Moving Beyond Prediction: Prescriptive Modeling
Predicting the future is powerful, but it is only half the battle. Knowing that a customer is likely to leave is helpful, but knowing what to do about it is much better. This is where prescriptive modeling comes in.
Prescriptive analytics takes the outputs from your predictive models and suggests actions you can take to change the outcome. While Power BI does not have a single “prescriptive button,” you can achieve this by combining AutoML with scenario analysis and Power Apps integration.
Scenario Analysis with Parameters
Once you have a working predictive model, you can use “What-If” parameters in Power BI to test different scenarios.
For example, let us say your AutoML model predicts that a customer will churn because their engagement score is too low. You can create a parameter for “Marketing Discount.” By writing a DAX measure that links the parameter to the prediction, you can simulate what happens if you offer that customer a 10% discount.
Does their likelihood of churning decrease?

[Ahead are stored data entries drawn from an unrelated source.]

lemma ex1_phi_eq:
  assumes "0 < x"
  shows "\<exists>!l. 0 < l \<and> l < l0 \<and> \<phi> l = x"
proof -
  have "eventually (\<lambda>l. x < \<phi> l) (at_right 0)"
    using filterlim_phi_at_top by (simp add: filterlim_at_top_dense)
  moreover have "eventually (\<lambda>l. 0 < l \<and> l < l0) (at_right 0)"
    using l0_pos by (auto simp: eventually_at_right_field)
  ultimately have "eventually (\<lambda>l. x < \<phi> l \<and> 0 < l \<and> l < l0) (at_right 0)"
    by (rule eventually_conj)
  then obtain l1 where l1: "x < \<phi> l1" "0 < l1" "l1 < l0"
    using eventually_happens'[OF trivial_limit_at_right_real] by blast
  obtain l where "l1 \<le> l" "l \<le> l0" "\<phi> l = x"
    using IVT2'[of \<phi> l0 x l1] continuous_on_phi[OF \<open>0 < l1\<close>] l1 assms by auto
  moreover have "l \<noteq> l0"
    using \<open>\<phi> l = x\<close> assms by auto
  ultimately have "0 < l \<and> l < l0 \<and> \<phi> l = x"
    using l1 by auto
  moreover have "m = l" if "0 < m" "m < l0" "\<phi> m = x" for m
    using phi_inj[of m l] that \<open>0 < l \<and> l < l0 \<and> \<phi> l = x\<close> by simp
  ultimately show ?thesis
    by blast
qed

lemma ginv_spec: "0 < x \<Longrightarrow> 0 < g x \<and> g x < l0 \<and> \<phi> (g x) = x"
  unfolding ginv_def by (rule theI') (rule ex1_phi_eq)

lemma ginv_phi: "0 < l \<Longrightarrow> l < l0 \<Longrightarrow> g (\<phi> l) = l"
  unfolding ginv_def using ex1_phi_eq[OF phi_pos] by (intro the1_equality) auto


lemma ginv_less_iff:
  assumes "0 < x" "0 < y" "y \<le> l0"
  shows "g x < y \<longleftrightarrow> \<phi> y < x"
proof
  assume "g x < y"
  then show "\<phi> y < x"
    using phi_strict_decreasing[of "g x" y] ginv_spec[OF assms(1)] assms by simp
next
  assume "\<phi> y < x"
  then have "\<not> y \<le> g x"
    using phi_strict_decreasing[of y "g x"] ginv_spec[OF assms(1)] assms
    by (cases "y = g x") auto
  then show "g x < y"
    by simp
qed

lemma filterlim_ginv_at_top: "filterlim g (at_right 0) at_top"
proof (rule tendsto_imp_filterlim_at_right)
  show "eventually (\<lambda>x. 0 < g x) at_top"
    using eventually_gt_at_top[of 0] by eventually_elim (use ginv_spec in auto)
  show "(g \<longlongrightarrow> 0) at_top"
  proof (rule order_tendstoI)
    show "eventually (\<lambda>x. a < g x) at_top" if "a < 0" for a
      using eventually_gt_at_top[of 0] by eventually_elim (use ginv_spec that in force)
    show "eventually (\<lambda>x. g x < a) at_top" if "0 < a" for a
    proof -
      define y where "y = min a l0"
      have "eventually (\<lambda>x. max 0 (\<phi> y) < x) at_top"
        by (rule eventually_gt_at_top)
      then show ?thesis
        by eventually_elim (use ginv_less_iff[of _ y] that l0_pos in \<open>auto simp: y_def\<close>)
    qed
  qed
qed

lemma tendsto_ginv_at_right_0: "(g \<longlongrightarrow> l0) (at_right 0)"
proof (rule order_tendstoI)
  show "eventually (\<lambda>x. g x < a) (at_right 0)" if "l0 < a" for a
    using eventually_at_right_less[of 0] by eventually_elim (use ginv_spec that in force)
  show "eventually (\<lambda>x. a < g x) (at_right 0)" if "a < l0" for a
  proof -
    define y where "y = (max a 0 + l0) / 2"
    have y: "0 < y" "y < l0" "a < y"
      using that l0_pos by (auto simp: y_def)
    have "eventually (\<lambda>x. 0 < x \<and> x < \<phi> y) (at_right 0)"
      using phi_pos[OF y(1,2)] by (auto simp: eventually_at_right_field)
    then show ?thesis
    proof eventually_elim
      case (elim x)
      then have "\<not> g x < y"
        using ginv_less_iff[of x y] y by simp
      then show ?case
        using y by simp
    qed
  qed
qed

This turns a simple prediction into a prescriptive recommendation: “To save this customer, offer a 10% discount.”
Taking Action with Power Apps
The ultimate goal of prescriptive modeling is to drive action. By embedding a Power App directly inside your Power BI report, you close the loop.
Imagine a dashboard showing the customers with the highest risk of churn. Next to that list is a Power App. When an analyst clicks on a high-risk customer, the app shows the recommended action (like offering a specific discount). The analyst can click a button in the app to immediately send an email with the offer or create a task in the CRM system.

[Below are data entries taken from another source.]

(* For every integer $n\ge 3$, $$\sum_{\substack{b\ge 0,\ k\ge 0\\ 2b+k+1=n}}\#\mathrm{SYT}^{+k}\big((b+1,b)\big)=\mathrm{Cat}(n)-\mathrm{Cat}(n-1)=\frac{3}{n+1}\binom{2n-2}{n},$$ where for $b=0$ the shape $(1,0)$ is the single-cell shape $(1)$ and $\mathrm{Cat}(m)=\frac1{m+1}\binom{2m}{m}$.
   Context: $\mathrm{SYT}^{+k}(\lambda)$: for a partition $\lambda$ of $N$ and $k\ge 0$, the set of fillings $S$ of the cells of the Ferrers diagram of $\lambda$ by nonempty sets of positive integers forming a set partition of $[N+k]$, such that $\max S(u)<\min S(v)$ whenever $u\ne v$ and $u$ is weakly northwest of $v$. *)

theory Defs
  imports Complex_Main
begin

text \<open>A partition is given as a list of parts (weakly decreasing, trailing zeros allowed).
  Its Ferrers diagram (English convention, 0-indexed): cell (i,j) = row i, column j.\<close>
definition ferrers :: "nat list \<Rightarrow> (nat \<times> nat) set" where
  "ferrers lam = {(i, j). i < length lam \<and> j < lam ! i}"

definition weakly_nw :: "nat \<times> nat \<Rightarrow> nat \<times> nat \<Rightarrow> bool" where
  "weakly_nw u v \<longleftrightarrow> fst u \<le> fst v \<and> snd u \<le> snd v"

definition SYT_plus :: "nat \<Rightarrow> nat list \<Rightarrow> ((nat \<times> nat) \<Rightarrow> nat set) set" where
  "SYT_plus k lam = {S.
     (\<forall>c. c \<notin> ferrers lam \<longrightarrow> S c = {}) \<and>
     (\<forall>c \<in> ferrers lam. S c \<noteq> {}) \<and>
     (\<forall>u \<in> ferrers lam. \<forall>v \<in> ferrers lam. u \<noteq> v \<longrightarrow> S u \<inter> S v = {}) \<and>
     (\<Union>c \<in> ferrers lam. S c) = {1 .. sum_list lam + k} \<and>
     (\<forall>u \<in> ferrers lam. \<forall>v \<in> ferrers lam. u \<noteq> v \<and> weakly_nw u v \<longrightarrow> Max (S u) < Min (S v))}"

definition catalan :: "nat \<Rightarrow> real" where
  "catalan m = (2*m choose m) / (m + 1)"

end

theory Submission
  imports Defs
begin

text \<open>Listing the entries 1, ..., m of a set-valued filling in increasing order and recording
  the cell of each entry gives a word over the cells that uses every cell and never has a letter
  strictly northwest of an earlier one; the filling is recovered from the word. The last letter
  of such a word is a corner, and deleting it leaves a word for the same shape or for the shape
  without that corner. For the two-row shapes (y + d, y) with y \<ge> 1 this makes the counts,
  summed over y, satisfy the same three-term recursion in d as the ballot numbers
  C(2L, L + d) - C(2L, L + d + 1), up to a correction coming from the one-row shapes. Summing
  over the shapes (b + 1, b) therefore gives C(2n - 2, n) - C(2n - 2, n + 1), which equals both
  Cat(n) - Cat(n - 1) and 3/(n + 1) C(2n - 2, n).\<close>

definition strictly_nw :: "nat \<times> nat \<Rightarrow> nat \<times> nat \<Rightarrow> bool" where
  "strictly_nw u v \<longleftrightarrow> u \<noteq> v \<and> weakly_nw u v"

definition set_valued_fillings ::
    "(nat \<times> nat) set \<Rightarrow> nat \<Rightarrow> ((nat \<times> nat) \<Rightarrow> nat set) set" where
  "set_valued_fillings F m = {S.
     (\<forall>c. c \<notin> F \<longrightarrow> S c = {}) \<and>
     (\<forall>c \<in> F. S c \<noteq> {}) \<and>
     (\<forall>u \<in> F. \<forall>v \<in> F. u \<noteq> v \<longrightarrow> S u \<inter> S v = {}) \<and>
     (\<Union>c \<in> F. S c) = {1 .. m} \<and>
     (\<forall>u \<in> F. \<forall>v \<in> F. strictly_nw u v \<longrightarrow> Max (S u) < Min (S v))}"

lemma SYT_plus_eq_set_valued_fillings:
  "SYT_plus k lam = set_valued_fillings (ferrers lam) (sum_list lam + k)"
  by (simp add: SYT_plus_def set_valued_fillings_def strictly_nw_def)

definition reading_words :: "(nat \<times> nat) set \<Rightarrow> nat \<Rightarrow> (nat \<times> nat) list set" where
  "reading_words F m =
     {ws. length ws = m \<and> set ws = F \<and> sorted_wrt (\<lambda>u v. \<not> strictly_nw v u) ws}"

definition filling_of_word :: "(nat \<times> nat) list \<Rightarrow> (nat \<times> nat) \<Rightarrow> nat set" where
  "filling_of_word ws c = {x. 1 \<le> x \<and> x \<le> length ws \<and> ws ! (x - 1) = c}"

lemma filling_of_word_less:
  assumes sorted: "sorted_wrt (\<lambda>u v. \<not> strictly_nw v u) ws"
    and nw: "strictly_nw u v"
    and x: "x \<in> filling_of_word ws u" and y: "y \<in> filling_of_word ws v"
  shows "x < y"
proof (rule ccontr)
  assume "\<not> x < y"
  moreover have "x \<noteq> y" using x y nw by (auto simp: filling_of_word_def strictly_nw_def)
  ultimately have "y - 1 < x - 1" "x - 1 < length ws"
    using x y by (auto simp: filling_of_word_def)
  then have "\<not> strictly_nw (ws ! (x - 1)) (ws ! (y - 1))"
    using sorted by (simp add: sorted_wrt_iff_nth_less)
  then show False using x y nw by (simp add: filling_of_word_def)
qed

This seamless workflow takes you from data preparation in Power Query, to prediction with AutoML, to prescriptive action via Power Apps—all without writing a single line of Python code.
Key Considerations for Success

While the tools are easier to use than ever, building effective models still requires careful thought. Here are a few things to keep in mind:
Data Quality is Everything
The old saying “garbage in, garbage out” applies perfectly to machine learning. AutoML cannot fix bad data. You must spend the time in Power Query to handle missing values, remove outliers, and ensure your data accurately reflects reality before you train a model. The quality of your historical data directly dictates the accuracy of your future predictions.

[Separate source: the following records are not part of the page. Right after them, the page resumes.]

lemma nn_integral_lborel_random_shift:
  fixes h :: "real \<Rightarrow> ennreal" and W :: "'a \<Rightarrow> real"
  assumes "prob_space M" and [measurable]: "h \<in> borel_measurable borel" "W \<in> borel_measurable M"
  shows "(\<integral>\<^sup>+\<theta>. (\<integral>\<^sup>+\<xi>. h (\<theta> + W \<xi>) \<partial>M) \<partial>lborel) = (\<integral>\<^sup>+t. h t \<partial>lborel)"
proof -
  interpret M: prob_space M by fact
  interpret pair_sigma_finite lborel M
    by (intro pair_sigma_finite.intro lborel.sigma_finite_measure_axioms M.sigma_finite_measure_axioms)
  have "(\<integral>\<^sup>+\<theta>. (\<integral>\<^sup>+\<xi>. h (\<theta> + W \<xi>) \<partial>M) \<partial>lborel) = (\<integral>\<^sup>+\<xi>. (\<integral>\<^sup>+\<theta>. h (\<theta> + W \<xi>) \<partial>lborel) \<partial>M)"
    by (rule Fubini'[symmetric]) measurable
  also have "\<dots> = (\<integral>\<^sup>+\<xi>. (\<integral>\<^sup>+t. h t \<partial>lborel) \<partial>M)"
  proof -
    have "(\<integral>\<^sup>+\<theta>. h (\<theta> + W \<xi>) \<partial>lborel) = (\<integral>\<^sup>+t. h t \<partial>lborel)" for \<xi>
      using nn_integral_real_affine[of h 1 "W \<xi>"] by (simp add: add.commute)
    then show ?thesis by simp
  qed
  finally show ?thesis by (simp add: M.emeasure_space_1)
qed

lemma likelihood_window_risk_ge:
  fixes y v :: "'n::finite \<Rightarrow> real"
  assumes \<sigma>: "\<sigma> > 0" and v: "(\<Sum>j\<in>UNIV. (v j)\<^sup>2) > 0" and [measurable]: "J \<in> sets borel" and q: "q \<ge> 1"
  shows "(\<integral>\<^sup>+\<theta>. ennreal (\<Prod>j\<in>UNIV. normal_density (\<theta> * v j) \<sigma> (y j)) \<partial>lborel)
         * symmetric_window_risk J (\<sigma> / sqrt (\<Sum>j\<in>UNIV. (v j)\<^sup>2)) q ((\<Sum>j\<in>UNIV. v j * y j) / (\<Sum>j\<in>UNIV. (v j)\<^sup>2))
       \<le> (\<integral>\<^sup>+\<theta>. ennreal (\<Prod>j\<in>UNIV. normal_density (\<theta> * v j) \<sigma> (y j)) * ennreal (\<bar>c - \<theta>\<bar> powr q) * indicator J \<theta> \<partial>lborel)"
proof -
  define t where "t = (\<Sum>j\<in>UNIV. v j * y j) / (\<Sum>j\<in>UNIV. (v j)\<^sup>2)"
  define \<tau> where "\<tau> = \<sigma> / sqrt (\<Sum>j\<in>UNIV. (v j)\<^sup>2)"
  obtain C where "C \<ge> 0"
    and "\<And>\<theta>. (\<Prod>j\<in>UNIV. normal_density (\<theta> * v j) \<sigma> (y j)) = C * normal_density t \<tau> \<theta>"
    using prod_normal_density_proportional[OF \<sigma> v, of y] unfolding t_def \<tau>_def by blast
  then have C: "ennreal (\<Prod>j\<in>UNIV. normal_density (\<theta> * v j) \<sigma> (y j))
      = ennreal C * ennreal (normal_density t \<tau> \<theta>)" for \<theta>
    by (simp add: ennreal_mult)
  have "\<tau> > 0" using \<sigma> v by (simp add: \<tau>_def)
  then have "(\<integral>\<^sup>+\<theta>. ennreal (normal_density t \<tau> \<theta>) \<partial>lborel) = 1"
    using prob_space.emeasure_space_1[OF prob_space_normal_density] by (simp add: emeasure_density)
  then have "(\<integral>\<^sup>+\<theta>. ennreal (\<Prod>j\<in>UNIV. normal_density (\<theta> * v j) \<sigma> (y j)) \<partial>lborel) * symmetric_window_risk J \<tau> q t
      = ennreal C * symmetric_window_risk J \<tau> q t"
    unfolding C by (subst nn_integral_cmult) auto
  also have "\<dots> \<le> ennreal C * (\<integral>\<^sup>+\<theta>. ennreal (normal_density t \<tau> \<theta>) * ennreal (\<bar>c - \<theta>\<bar> powr q) * indicator J \<theta> \<partial>lborel)"
    using q by (intro mult_left_mono symmetric_window_risk_le) auto
  also have "\<dots> = (\<integral>\<^sup>+\<theta>. ennreal (\<Prod>j\<in>UNIV. normal_density (\<theta> * v j) \<sigma> (y j)) * ennreal (\<bar>c - \<theta>\<bar> powr q) * indicator J \<theta> \<partial>lborel)"
    unfolding C by (subst nn_integral_cmult[symmetric]) (auto simp: mult.assoc)
  finally show ?thesis unfolding t_def \<tau>_def .
qed

text \<open>The least-squares error is \<open>\<sigma> \<langle>v, \<xi>\<rangle> / \<parallel>v\<parallel>\<^sup>2\<close>, whose law does not depend on \<open>\<theta>\<close>.\<close>
lemma nn_integral_likelihood_least_squares:
  fixes v :: "'n::finite \<Rightarrow> real" and h :: "real \<Rightarrow> ennreal"
  assumes \<sigma>: "\<sigma> > 0" and v: "(\<Sum>j\<in>UNIV. (v j)\<^sup>2) > 0" and [measurable]: "h \<in> borel_measurable borel"
  shows "(\<integral>\<^sup>+\<theta>. (\<integral>\<^sup>+y. ennreal (\<Prod>j\<in>UNIV. normal_density (\<theta> * v j) \<sigma> (y j))
              * h ((\<Sum>j\<in>UNIV. v j * y j) / (\<Sum>j\<in>UNIV. (v j)\<^sup>2)) \<partial>PiM UNIV (\<lambda>_. lborel)) \<partial>lborel)
       = (\<integral>\<^sup>+t. h t \<partial>lborel)"
proof -
  define S where "S = (\<Sum>j\<in>UNIV. (v j)\<^sup>2)"
  have "(\<Sum>j\<in>UNIV. v j * (\<theta> * v j + \<sigma> * \<xi> j)) / S = \<theta> + \<sigma> * (\<Sum>j\<in>UNIV. v j * \<xi> j) / S" for \<theta> \<xi>
    using v by (simp add: S_def field_simps sum.distrib sum_distrib_left power2_eq_square)
  then have "(\<integral>\<^sup>+y. ennreal (\<Prod>j\<in>UNIV. normal_density (\<theta> * v j) \<sigma> (y j)) * h ((\<Sum>j\<in>UNIV. v j * y j) / S) \<partial>PiM UNIV (\<lambda>_. lborel))
      = (\<integral>\<^sup>+\<xi>. h (\<theta> + \<sigma> * (\<Sum>j\<in>UNIV. v j * \<xi> j) / S) \<partial>std_gauss)" for \<theta>
    using nn_integral_std_gauss_affine[OF \<sigma>, of "\<lambda>y. h ((\<Sum>j\<in>UNIV. v j * y j) / S)" "\<lambda>j. \<theta> * v j"]
    by simp
  then have "(\<integral>\<^sup>+\<theta>. (\<integral>\<^sup>+y. ennreal (\<Prod>j\<in>UNIV. normal_density (\<theta> * v j) \<sigma> (y j))
              * h ((\<Sum>j\<in>UNIV. v j * y j) / S) \<partial>PiM UNIV (\<lambda>_. lborel)) \<partial>lborel)
      = (\<integral>\<^sup>+\<theta>. (\<integral>\<^sup>+\<xi>. h (\<theta> + \<sigma> * (\<Sum>j\<in>UNIV. v j * \<xi> j) / S) \<partial>std_gauss) \<partial>lborel)"
    by simp
  also have "\<dots> = (\<integral>\<^sup>+t. h t \<partial>lborel)"
    by (rule nn_integral_lborel_random_shift[OF prob_space_std_gauss]) measurable
  finally show ?thesis unfolding S_def .
qed

text \<open>Integrated over a window of length \<open>L\<close>, the risk of any estimator of \<open>\<theta>\<close> from
  \<open>\<theta> v + \<sigma> \<xi>\<close> is at least that of the least-squares estimator, up to a boundary loss of \<open>2\<bar>u\<bar>\<close>.\<close>
lemma gaussian_location_window_risk_ge:
  fixes f :: "('n::finite \<Rightarrow> real) \<Rightarrow> real" and v :: "'n \<Rightarrow> real"
  assumes [measurable]: "f \<in> borel_measurable (PiM UNIV (\<lambda>_. borel))"
    and \<sigma>: "\<sigma> > 0" and q: "q \<ge> 1" and v: "(\<Sum>j\<in>UNIV. (v j)\<^sup>2) > 0"
  shows "(\<integral>\<^sup>+u. ennreal (normal_density 0 (\<sigma> / sqrt (\<Sum>j\<in>UNIV. (v j)\<^sup>2)) u * \<bar>u\<bar> powr q * max 0 (L - 2 * \<bar>u\<bar>)) \<partial>lborel)
      \<le> (\<integral>\<^sup>+\<theta>. (\<integral>\<^sup>+\<xi>. ennreal (\<bar>f (\<lambda>j. \<theta> * v j + \<sigma> * \<xi> j) - \<theta>\<bar> powr q) \<partial>std_gauss) * indicator {c..c+L} \<theta> \<partial>lborel)"
proof -
  define P where "P = PiM UNIV (\<lambda>_::'n. lborel :: real measure)"
  define J where "J = {c..c+L}"
  define h where "h = symmetric_window_risk J (\<sigma> / sqrt (\<Sum>j\<in>UNIV. (v j)\<^sup>2)) q"
  define th where "th y = (\<Sum>j\<in>UNIV. v j * y j) / (\<Sum>j\<in>UNIV. (v j)\<^sup>2)" for y :: "'n \<Rightarrow> real"
  define p where "p \<theta> y = ennreal (\<Prod>j\<in>UNIV. normal_density (\<theta> * v j) \<sigma> (y j))" for \<theta> y
  have [measurable]: "J \<in> sets borel" by (simp add: J_def)
  have [measurable]: "th \<in> borel_measurable (PiM UNIV (\<lambda>_. borel))" unfolding th_def by measurable
  interpret LP: pair_sigma_finite lborel P
    unfolding P_def
    by (intro pair_sigma_finite.intro lborel.sigma_finite_measure_axioms product_sigma_finite.sigma_finite
        product_sigma_finite.intro) auto
  have sets_P: "sets (lborel \<Otimes>\<^sub>M P) = sets (borel \<Otimes>\<^sub>M PiM UNIV (\<lambda>_::'n. borel :: real measure))"
    unfolding P_def by (intro sets_pair_measure_cong sets_PiM_UNIV_lborel) simp
  have [measurable]: "h \<in> borel_measurable borel" unfolding h_def by measurable
  have [measurable]: "(\<lambda>\<theta>. p \<theta> y) \<in> borel_measurable borel" for y
    unfolding p_def normal_density_def by measurable
  have "(\<integral>\<^sup>+u. ennreal (normal_density 0 (\<sigma> / sqrt (\<Sum>j\<in>UNIV. (v j)\<^sup>2)) u * \<bar>u\<bar> powr q * max 0 (L - 2 * \<bar>u\<bar>)) \<partial>lborel)
      = (\<integral>\<^sup>+t. h t \<partial>lborel)"
    unfolding h_def J_def by (rule nn_integral_symmetric_window_risk[symmetric])
  also have "\<dots> = (\<integral>\<^sup>+\<theta>. (\<integral>\<^sup>+y. p \<theta> y * h (th y) \<partial>P) \<partial>lborel)"
    unfolding P_def p_def th_def by (rule nn_integral_likelihood_least_squares[symmetric, OF \<sigma> v]) measurable
  also have "\<dots> = (\<integral>\<^sup>+y. (\<integral>\<^sup>+\<theta>. p \<theta> y * h (th y) \<partial>lborel) \<partial>P)"
    by (rule LP.Fubini'[symmetric]) (unfold measurable_cong_sets[OF sets_P refl] p_def normal_density_def, measurable)
  also have "\<dots> = (\<integral>\<^sup>+y. (\<integral>\<^sup>+\<theta>. p \<theta> y \<partial>lborel) * h (th y) \<partial>P)"
    by (intro nn_integral_cong nn_integral_multc) measurable
  also have "\<dots> \<le> (\<integral>\<^sup>+y. (\<integral>\<^sup>+\<theta>. p \<theta> y * ennreal (\<bar>f y - \<theta>\<bar> powr q) * indicator J \<theta> \<partial>lborel) \<partial>P)"
    unfolding p_def th_def h_def using \<sigma> v q by (intro nn_integral_mono likelihood_window_risk_ge) auto
  also have "\<dots> = (\<integral>\<^sup>+\<theta>. (\<integral>\<^sup>+y. p \<theta> y * ennreal (\<bar>f y - \<theta>\<bar> powr q) * indicator J \<theta> \<partial>P) \<partial>lborel)"
    by (rule LP.Fubini') (unfold measurable_cong_sets[OF sets_P refl] p_def normal_density_def, measurable)
  also have "\<dots> = (\<integral>\<^sup>+\<theta>. (\<integral>\<^sup>+\<xi>. ennreal (\<bar>f (\<lambda>j. \<theta> * v j + \<sigma> * \<xi> j) - \<theta>\<bar> powr q) \<partial>std_gauss) * indicator J \<theta> \<partial>lborel)"
    unfolding P_def p_def
    by (intro nn_integral_cong) (subst nn_integral_std_gauss_affine[OF \<sigma>], measurable, simp add: nn_integral_multc)
  finally show ?thesis unfolding J_def .
qed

Understand the Business Problem
Do not just build a model because you can. Start with a clear business question. What specific decision are you trying to improve? How will the predictions be used? Aligning your model with a clear business goal ensures that the insights you generate are actually valuable.
Communicate the Results Clearly
A highly accurate model is useless if nobody trusts it. You must be able to explain how the model works and what factors are driving its predictions. Use the feature importance reports provided by AutoML to build trust with your stakeholders. Explain the “why” behind the numbers in plain language.
Leveling Up Your Skills

The transition from a traditional reporting analyst to a no-code data scientist requires a shift in mindset. You are no longer just looking at what happened in the past; you are actively shaping the future.
If you are looking to accelerate your journey and master these advanced capabilities, structured learning can make a huge difference. For those serious about mastering the platform, I highly recommend checking out a comprehensive Power BI Course. A good course will take you beyond the basics of DAX and visualization, diving deep into data modeling, Power Query transformations, and advanced analytics techniques.
Conclusion
The era of the no-code data scientist is here, and Power BI is leading the charge. By leveraging AutoML and combining it with the broader Power Platform ecosystem, you can build powerful predictive and prescriptive models entirely within the tools you already know.
This shift empowers business users to drive more value, make better decisions, and solve complex problems faster than ever before. So, open up Power Query, explore your data, and start predicting the future today. The tools are ready when you are.